The WPA interviewed numerous former slaves who were living in various states well into
the 1930s. William Ballard was born in Winnsboro, SC. He belonged to Jim Aiken who was a
large and famous landowner in Winnsboro. He also possessed seven huge plantations on which
his slaves worked. Although Jim Aiken was a powerful man, he never treated his slaves brutally.
And his wife also took care of the slaves. Walter Calloway was born in Richmond, Virginia.
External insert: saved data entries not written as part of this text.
(* For every path $\omega\in\Omega$: $I_\textnormal{wCH}(\omega)\subseteq I_\textnormal{CH}(\omega)\subseteq I_\textnormal{C}(\omega)$, $I_\textnormal{wCH}(\omega)\subseteq I_\textnormal{S}(\omega)\subseteq I_\textnormal{C}(\omega)$, and $I_\textnormal{C}(\omega)\subseteq I_\textnormal{wML}(\omega)\subseteq I_\textnormal{ML}(\omega)$.
   Context: $\mathcal{X}=\{0,1\}$; $\Omega=\mathcal{X}^{\mathbb{N}}$ (paths); $\mathbb{S}=\bigcup_{n\ge0}\mathcal X^n$ (situations), $\square$ empty string, $|s|$ length, $\omega_{1:n}=(\omega_1,\dots,\omega_n)$, $\omega_{1:0}=\square$. $\mathcal I$: nonempty closed intervals $I\subseteq[0,1]$ (interval forecasts). For $f:\mathcal X\to\mathbb R$, $\overline E_I(f)=\max_{p\in I}[pf(1)+(1-p)f(0)]$. A test supermartingale for $I$ is $T:\mathbb S\to\mathbb R_{\ge0}$ with $T(\square)=1$ and $\overline E_I(T(s\,\cdot)-T(s))\le0$ for all $s$. Real maps on countable effectively encoded sets are computable if recursively approximable to within $2^{-n}$ by rationals, and lower semicomputable if they are limits of recursive non-decreasing rational sequences. A multiplier process $D$ maps situations to gambles and generates $D^{\circledcirc}(x_1,\dots,x_n)=\prod_{k=0}^{n-1}D(x_{1:k})(x_{k+1})$; it is lower semicomputable if $(s,x)\mapsto D(s)(x)$ is. For a path $\omega$ and $I\in\mathcal I$: ML-random if no lower semicomputable test supermartingale $T$ for $I$ has $\limsup_nT(\omega_{1:n})=\infty$; wML-random if no test supermartingale for $I$ of the form $D^{\circledcirc}$, $D$ lower semicomputable, has this; C-random if no computable test supermartingale for $I$ has this; S-random if there is no computable test supermartingale $T$ for $I$ with a computable non-decreasing unbounded $\tau:\mathbb N_0\to\mathbb R_{\ge0}$ satisfying $\limsup_n[T(\omega_{1:n})-\tau(n)]\ge0$; CH-random (resp. wCH-random) if for every recursive (resp. recursive temporal, i.e. depending only on $|s|$) $S:\mathbb S\to\{0,1\}$ with $\sum_{k=0}^{n-1}S(\omega_{1:k})\to\infty$, the relative frequencies $\frac{\sum_{k<n}S(\omega_{1:k})\omega_{k+1}}{\sum_{k<n}S(\omega_{1:k})}$ have liminf $\ge\min I$ and limsup $\le\max I$. $\mathcal I_\textnormal{R}(\omega)=\{I\in\mathcal I:\omega\text{ R-random for }I\}$, $I_\textnormal{R}(\omega)=\bigcap_{I\in\mathcal I_\textnormal{R}(\omega)}I$. *)

theory Defs
  imports "HOL-Analysis.Analysis" "HOL-Library.Nat_Bijection"
begin

datatype recf = Zero | Succ | Proj nat | Comp recf "recf list" | Prim recf recf | Mu recf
The first thing that Walter remembered was being purchased as a slave by John Calloway. The
most ordinary punishment for black people not obeying were whippings and the most awful
thing about it was that white overseer never did it themselves but always had another black slave
to do it. The punishments that slaves got seemed to be not punishments but pure mockery,
including humiliation and severe beating. Last but not least Mary Reynolds. She was born in
Louisiana. Mary recalls being very friendly to other slaves on the plantation but she remembers
some slave to act indecently trying to make the master be favorable with them. Her master did
not have any mercy for his slaves and was very cruel to them. The conditions that the master
offered to the slaves were completely awful and no communication or petitions helped to
improve them.
Analyzing the majority of the interviews was to point out strange facts. Some former
slaves became sharecroppers due to racial discrimination and were often exploited easily due to
their lack of education. These slaves were brutally treated, experienced inhuman pain and still
had the strength to try to learn to read or write. Slavery brought a lot of fear to the lives of black

people: black women were forced to have sexual encounters with their masters, slaves were
punished by being whipped almost to death and their brother and sisters were forced to
administrate the whippings; they had to work in any temperature conditions, sometimes even
freezing; they had to lose their family members just for being black and therefore slaves.
Nevertheless, this has become one of the most important lessons for the human nation there is no
condition under which one person can possess supremacy over another one.